Problem of The Day: Count Subarrays With Score Less Than K

Problem Statement

leetcode problem link

Intuition

At first glance, we are asked to count the number of subarrays where the product of the length of the subarray and the sum of its elements is less than k.
A brute-force solution would be to try all subarrays and check the condition, but that would be too slow.
Since the condition involves sum of elements, a sliding window approach came to mind: we can grow the window and shrink it dynamically depending on whether the condition is satisfied.

Approach

We use two pointers (start and end) to represent the current window.

• We expand the window by moving end and adding nums[end] to curr_total (the sum of elements inside the window).
• If at any point the condition (window size) * (curr_total) >= k is violated, we shrink the window by moving start forward and subtracting nums[start] from curr_total.
• After adjusting the window to be valid, the number of valid subarrays ending at index end is (end - start + 1).
• We accumulate this count into res for every end.
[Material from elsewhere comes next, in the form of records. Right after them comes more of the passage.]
lemma next_iterate_minimizes_lagrangian:
  "subobj gradf P1 (x t) (xi t) (Lf t) (x (Suc t))
     \<le> subobj gradf P1 (x t) (xi t) (Lf t) z + (\<Sum>i<m. lam t i * Gbar g gradg i z (x t) (Lg t))"
proof -
  have "(\<Sum>i<m. lam t i * Gbar g gradg i (x (Suc t)) (x t) (Lg t)) = 0"
    using mult[of t] by (auto intro!: sum.neutral simp: sub_multiplier_def)
  moreover have "subobj gradf P1 (x t) (xi t) (Lf t) (x (Suc t))
        + (\<Sum>i<m. lam t i * Gbar g gradg i (x (Suc t)) (x t) (Lg t))
      \<le> subobj gradf P1 (x t) (xi t) (Lf t) z + (\<Sum>i<m. lam t i * Gbar g gradg i z (x t) (Lg t))"
    using mult[of t] unfolding sub_multiplier_def by blast
  ultimately show ?thesis
    by simp
qed

lemma convergent_subsequence_of_iterates:
  fixes \<sigma> :: "nat \<Rightarrow> nat" and q :: "nat \<Rightarrow> nat \<Rightarrow> real"
  assumes q: "\<And>n i. i < m \<Longrightarrow> \<bar>q n i\<bar> \<le> Bq"
  obtains r y v lf lg w where "strict_mono r"
    and "(\<lambda>k. x (\<sigma> (r k))) \<longlonglongrightarrow> y" "(\<lambda>k. xi (\<sigma> (r k))) \<longlonglongrightarrow> v" "(\<lambda>k. Lf (\<sigma> (r k))) \<longlonglongrightarrow> lf"
    and "\<And>i. i < m \<Longrightarrow> (\<lambda>k. Lg (\<sigma> (r k)) i) \<longlonglongrightarrow> lg i"
    and "\<And>i. i < m \<Longrightarrow> (\<lambda>k. q (r k) i) \<longlonglongrightarrow> w i"
proof -
  obtain R where R: "\<And>t. norm (x t) \<le> R"
    using iterates_bounded by blast
  obtain Bxi where Bxi: "\<And>t. norm (xi t) \<le> Bxi"
    using subgradients_bounded by blast
  obtain BL where BL: "\<And>t. \<bar>Lf t\<bar> \<le> BL" "\<And>t i. i < m \<Longrightarrow> \<bar>Lg t i\<bar> \<le> BL"
    using parameters_bounded by blast
  have "range (\<lambda>n. (x (\<sigma> n), xi (\<sigma> n), Lf (\<sigma> n))) \<subseteq> cball 0 R \<times> cball 0 Bxi \<times> cball 0 BL"
    using R Bxi BL by auto
  then have "bounded (range (\<lambda>n. (x (\<sigma> n), xi (\<sigma> n), Lf (\<sigma> n))))"
    by (rule bounded_subset[OF bounded_Times[OF bounded_cball bounded_Times[OF bounded_cball bounded_cball]]])
  then obtain r1 l where r1: "strict_mono r1"
    and l: "((\<lambda>n. (x (\<sigma> n), xi (\<sigma> n), Lf (\<sigma> n))) \<circ> r1) \<longlonglongrightarrow> l"
    using bounded_imp_convergent_subsequence by blast
  have "range (\<lambda>n. (Lg (\<sigma> (r1 n)) i, q (r1 n) i)) \<subseteq> cball 0 BL \<times> cball 0 Bq" if "i < m" for i
    using BL q that by auto
  then have "bounded (range (\<lambda>n. (Lg (\<sigma> (r1 n)) i, q (r1 n) i)))" if "i < m" for i
    by (rule bounded_subset[OF bounded_Times[OF bounded_cball bounded_cball]]) (use that in blast)
  then obtain r2 l' where r2: "strict_mono r2"
    and l': "\<And>i. i < m \<Longrightarrow> (\<lambda>k. (Lg (\<sigma> (r1 (r2 k))) i, q (r1 (r2 k)) i)) \<longlonglongrightarrow> l' i"
    using bounded_family_convergent_subsequence[of m "\<lambda>n i. (Lg (\<sigma> (r1 n)) i, q (r1 n) i)"] by blast
  have triple: "(\<lambda>k. (x (\<sigma> (r1 (r2 k))), xi (\<sigma> (r1 (r2 k))), Lf (\<sigma> (r1 (r2 k))))) \<longlonglongrightarrow> l"
    using LIMSEQ_subseq_LIMSEQ[OF l r2] by (simp add: o_def)
  have "(\<lambda>k. x (\<sigma> (r1 (r2 k)))) \<longlonglongrightarrow> fst l"
    and "(\<lambda>k. xi (\<sigma> (r1 (r2 k)))) \<longlonglongrightarrow> fst (snd l)"
    and "(\<lambda>k. Lf (\<sigma> (r1 (r2 k)))) \<longlonglongrightarrow> snd (snd l)"
    using tendsto_fst[OF triple] tendsto_fst[OF tendsto_snd[OF triple]] tendsto_snd[OF tendsto_snd[OF triple]]
    by simp_all
  moreover have "(\<lambda>k. Lg (\<sigma> (r1 (r2 k))) i) \<longlonglongrightarrow> fst (l' i)"
    and "(\<lambda>k. q (r1 (r2 k)) i) \<longlonglongrightarrow> snd (l' i)" if "i < m" for i
    using tendsto_fst[OF l'[OF that]] tendsto_snd[OF l'[OF that]] by auto
  ultimately show ?thesis
    using strict_mono_o[OF r1 r2]
    by (intro that[of "r1 \<circ> r2" "fst l" "fst (snd l)" "snd (snd l)" "\<lambda>i. fst (l' i)" "\<lambda>i. snd (l' i)"])
      auto
qed


end

text \<open>
  Limits of the subproblem data along indices \<sigma> tending to infinity, with the multipliers
  scaled by \<rho>: \<rho> = 1 serves the stationarity proof, \<rho> = 1 / (sum of the multipliers)
  the proof that the multipliers are bounded.
\<close>

locale scp_ls_limit = scp_ls_run +
  fixes \<sigma> :: "nat \<Rightarrow> nat" and \<rho> :: "nat \<Rightarrow> real" and \<rho>0 :: real
    and y v :: 'a and lf :: real and lg w :: "nat \<Rightarrow> real"
  assumes \<sigma>_tendsto: "filterlim \<sigma> at_top sequentially"
    and \<rho>_nonneg: "\<And>k. 0 \<le> \<rho> k" and \<rho>_tendsto: "\<rho> \<longlonglongrightarrow> \<rho>0"
    and x_tendsto: "(\<lambda>k. x (\<sigma> k)) \<longlonglongrightarrow> y" and xi_tendsto: "(\<lambda>k. xi (\<sigma> k)) \<longlonglongrightarrow> v"
    and Lf_tendsto: "(\<lambda>k. Lf (\<sigma> k)) \<longlonglongrightarrow> lf"
    and Lg_tendsto: "\<And>i. i < m \<Longrightarrow> (\<lambda>k. Lg (\<sigma> k) i) \<longlonglongrightarrow> lg i"
    and scaled_lam_tendsto: "\<And>i. i < m \<Longrightarrow> (\<lambda>k. \<rho> k * lam (\<sigma> k) i) \<longlonglongrightarrow> w i"
begin

lemma next_iterates_tendsto: "(\<lambda>k. x (Suc (\<sigma> k))) \<longlonglongrightarrow> y"
proof -
  have "(\<lambda>k. x (\<sigma> k) + (x (Suc (\<sigma> k)) - x (\<sigma> k))) \<longlonglongrightarrow> y + 0"
    using x_tendsto filterlim_compose[OF steps_tendsto_zero \<sigma>_tendsto] by (rule tendsto_add)
  then show ?thesis
    by simp
qed

lemma g_tendsto: "i < m \<Longrightarrow> (\<lambda>k. g i (x (\<sigma> k))) \<longlonglongrightarrow> g i y"
  using continuous_on_tendsto_compose[OF g_continuous x_tendsto] by simp

lemma gradg_tendsto: "i < m \<Longrightarrow> (\<lambda>k. gradg i (x (\<sigma> k))) \<longlonglongrightarrow> gradg i y"
  using continuous_on_tendsto_compose[OF B_cont_diff x_tendsto] by simp

lemma gradf_tendsto: "(\<lambda>k. gradf (x (\<sigma> k))) \<longlonglongrightarrow> gradf y"
  using continuous_on_tendsto_compose[OF gradf_continuous x_tendsto] by simp

lemma limit_feasible: "feasible g m y"
  unfolding feasible_def
proof safe
  fix i
  assume "i < m"
  then have "g i (x (\<sigma> k)) \<le> 0" for k
    using iterate_feasible by (simp add: feasible_def)
  then show "g i y \<le> 0"
    by (intro LIMSEQ_le_const2[OF g_tendsto[OF \<open>i < m\<close>]]) auto
qed

lemma limit_weights_nonneg: "i < m \<Longrightarrow> 0 \<le> w i"
  using \<rho>_nonneg multiplier_nonneg by (intro LIMSEQ_le_const[OF scaled_lam_tendsto]) auto

lemma limit_complementary: "i < m \<Longrightarrow> w i * g i y = 0"
proof -
  assume i: "i < m"
  have "(\<lambda>k. Gbar g gradg i (x (Suc (\<sigma> k))) (x (\<sigma> k)) (Lg (\<sigma> k)))
      \<longlonglongrightarrow> g i y + gradg i y \<bullet> (y - y) + lg i / 2 * (norm (y - y))\<^sup>2"
    unfolding Gbar_def
    by (intro tendsto_intros g_tendsto gradg_tendsto next_iterates_tendsto x_tendsto Lg_tendsto i) simp
  then have "(\<lambda>k. \<rho> k * lam (\<sigma> k) i * Gbar g gradg i (x (Suc (\<sigma> k))) (x (\<sigma> k)) (Lg (\<sigma> k)))
      \<longlonglongrightarrow> w i * g i y"
    using tendsto_mult[OF scaled_lam_tendsto[OF i]] by simp
  moreover have "\<rho> k * lam (\<sigma> k) i * Gbar g gradg i (x (Suc (\<sigma> k))) (x (\<sigma> k)) (Lg (\<sigma> k)) = 0" for k
    using mult[of "\<sigma> k"] i by (simp add: sub_multiplier_def)
  ultimately show ?thesis
    using LIMSEQ_unique by fastforce
qed

lemma limit_subgradient: "v \<in> subdiff P2 y"
  using xi_sub by (rule subdiff_limit[OF P2_cont _ x_tendsto xi_tendsto])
This way, we efficiently count all valid subarrays without checking each one individually.

Complexity

• Time complexity:
  \(O(n)\)
  Each element is added and removed from the sliding window at most once, leading to linear time complexity.

• Space complexity:
  \(O(1)\)
  Only a few variables are used regardless of input size.

Code

class Solution:
    def countSubarrays(self, nums: List[int], k: int) -> int:
        start = 0
        N = len(nums)
        curr_total = 0
        res = 0
        for end in range(N):
            curr_total += nums[end]
            while start <= end and (end - start + 1) * curr_total >= k:
                curr_total -= nums[start]
                start += 1
            res += (end - start + 1)
        return res